Coffee is widely viewed as a necessity to fuel academia, rather than a priority for fundamental development. Furthermore, it takes several years to gain the necessary education to make insightful comments on the industry. As a result, it is immensely challenging to provoke established scientists to interface with the world of specialty coffee. But times are changing. My work is primarily funded through crowd donation of equipment, including coffee, grinders, analytical devices, floor space, and other people’s time. Given that specialty coffee is becoming ubiquitous, and most of the practitioners who work therein (i.e. baristas, roasters, green buyers, and farmers) are specialists in their field, it’s easy to gain access to high quality information. Broadening opportunities for fundamental development is as simple as establishing a dialogue between both specialties, working together to maintain a high level of scientific practice and high quality coffee.
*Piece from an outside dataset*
(* Let $\mathbf{B}\in\mathbb{R}^{n\times n}$ be a nonsingular matrix, $\mathcal L=\mathbf{B}\mathbb{Z}^n$, $s>0$, $\mathbf{c}\in\mathbb{R}^n$ and $\mathcal R>0$. Let $\mathcal X_{\mathcal R}:=\{\mathbf{x}\in\mathbb{Z}^n:\|\mathbf{B}\mathbf{x}-\mathbf{c}\|\le\mathcal R\}$, and assume $\mathcal X_{\mathcal R}\neq\emptyset$ (so that $Q(\mathcal X_{\mathcal R})>0$ and $\rho_{s,\mathbf c}(\mathbf B\mathcal X_{\mathcal R})>0$). Define the probability distributions on $\mathbb{Z}^n$ (both zero outside $\mathcal X_{\mathcal R}$) $$\pi_{\mathcal R}(\mathbf x)=\frac{\rho_{s,\mathbf c}(\mathbf B\mathbf x)}{\rho_{s,\mathbf c}(\mathbf B\mathcal X_{\mathcal R})},\qquad Q_{\mathcal R}(\mathbf x)=\frac{Q(\mathbf x)}{Q(\mathcal X_{\mathcal R})}\qquad(\mathbf x\in\mathcal X_{\mathcal R}),$$ where $Q(\mathcal X_{\mathcal R})=\sum_{\mathbf x\in\mathcal X_{\mathcal R}}Q(\mathbf x)$ and $\rho_{s,\mathbf c}(\mathbf B\mathcal X_{\mathcal R})=\sum_{\mathbf x\in\mathcal X_{\mathcal R}}\rho_{s,\mathbf c}(\mathbf B\mathbf x)$. Set $$\Delta_{\mathcal R}:=\frac{\rho_{s,\mathbf c}(\mathbf B\mathcal X_{\mathcal R})}{\prod_{i=1}^n\rho_{s_i}(\mathbb Z)},\qquad p_{\mathcal R}:=\frac{\Delta_{\mathcal R}}{Q(\mathcal X_{\mathcal R})}.$$ Then $p_{\mathcal R}\in(0,1]$ (equivalently $Q(\mathcal X_{\mathcal R})\ge\Delta_{\mathcal R}>0$), and for every $\mathbf x\in\mathbb Z^n$, $$Q_{\mathcal R}(\mathbf x)\ge p_{\mathcal R}\,\pi_{\mathcal R}(\mathbf x).$$
   Context: For $s>0$ and $c\in\mathbb{R}^k$, $\rho_{s,c}(y)=\exp(-\pi\|y-c\|^2/s^2)$ for $y\in\mathbb R^k$, $\rho_s:=\rho_{s,0}$, and for a countable set $S$, $\rho_{s,c}(S)=\sum_{y\in S}\rho_{s,c}(y)$. Let $\mathbf B=\mathbf Q\mathbf R$ be a QR decomposition ($\mathbf Q$ orthogonal, $\mathbf R=(r_{ij})$ upper triangular), $\mathbf c'=\mathbf Q^{\top}\mathbf c$. For $\mathbf x\in\mathbb Z^n$ and $i=1,\dots,n$, put $s_i:=s/|r_{ii}|$ and $\mu_i(\mathbf x_{>i}):=\big(c'_i-\sum_{j>i}r_{ij}x_j\big)/r_{ii}$. The Klein distribution on $\mathbb Z^n$ is $$Q(\mathbf x):=\prod_{i=1}^n\frac{\rho_{s_i,\mu_i(\mathbf x_{>i})}(x_i)}{\rho_{s_i,\mu_i(\mathbf x_{>i})}(\mathbb Z)}=\frac{\rho_{s,\mathbf c}(\mathbf B\mathbf x)}{\prod_{i=1}^n\rho_{s_i,\mu_i(\mathbf x_{>i})}(\mathbb Z)},$$ using the identity $\rho_{s,\mathbf c}(\mathbf B\mathbf x)=\prod_{i=1}^n\rho_{s_i,\mu_i(\mathbf x_{>i})}(x_i)$. *)

theory Defs
  imports "HOL-Analysis.Analysis"
begin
On a more personal note, I am at the junction of postdoctoral research and launching my own research group. To date, the coffee industry has been fruitful for both my career and my abilities as a communicator and teacher. The skills I’ve learned thus far are invaluable. I see this industry as a playground for scientists, where every result is novel and exciting. Even failed experiments somehow provide insights. Though it’s unclear where my career will take me geographically, coffee will certainly be a major part of my research for the foreseeable future.
Christopher H. Hendon is a computational and experimental chemist with special interests in energy materials, applied physics and coffee extraction. He obtained his BSc. Adv. HONS from Monash University (2011), his PhD from the University of Bath (2015) and is currently a Postdoctoral Associate at the Massachusetts Institute of Technology. He is the author of the self-published ‘Water for Coffee’, an educational chemistry handbook written for the coffee community.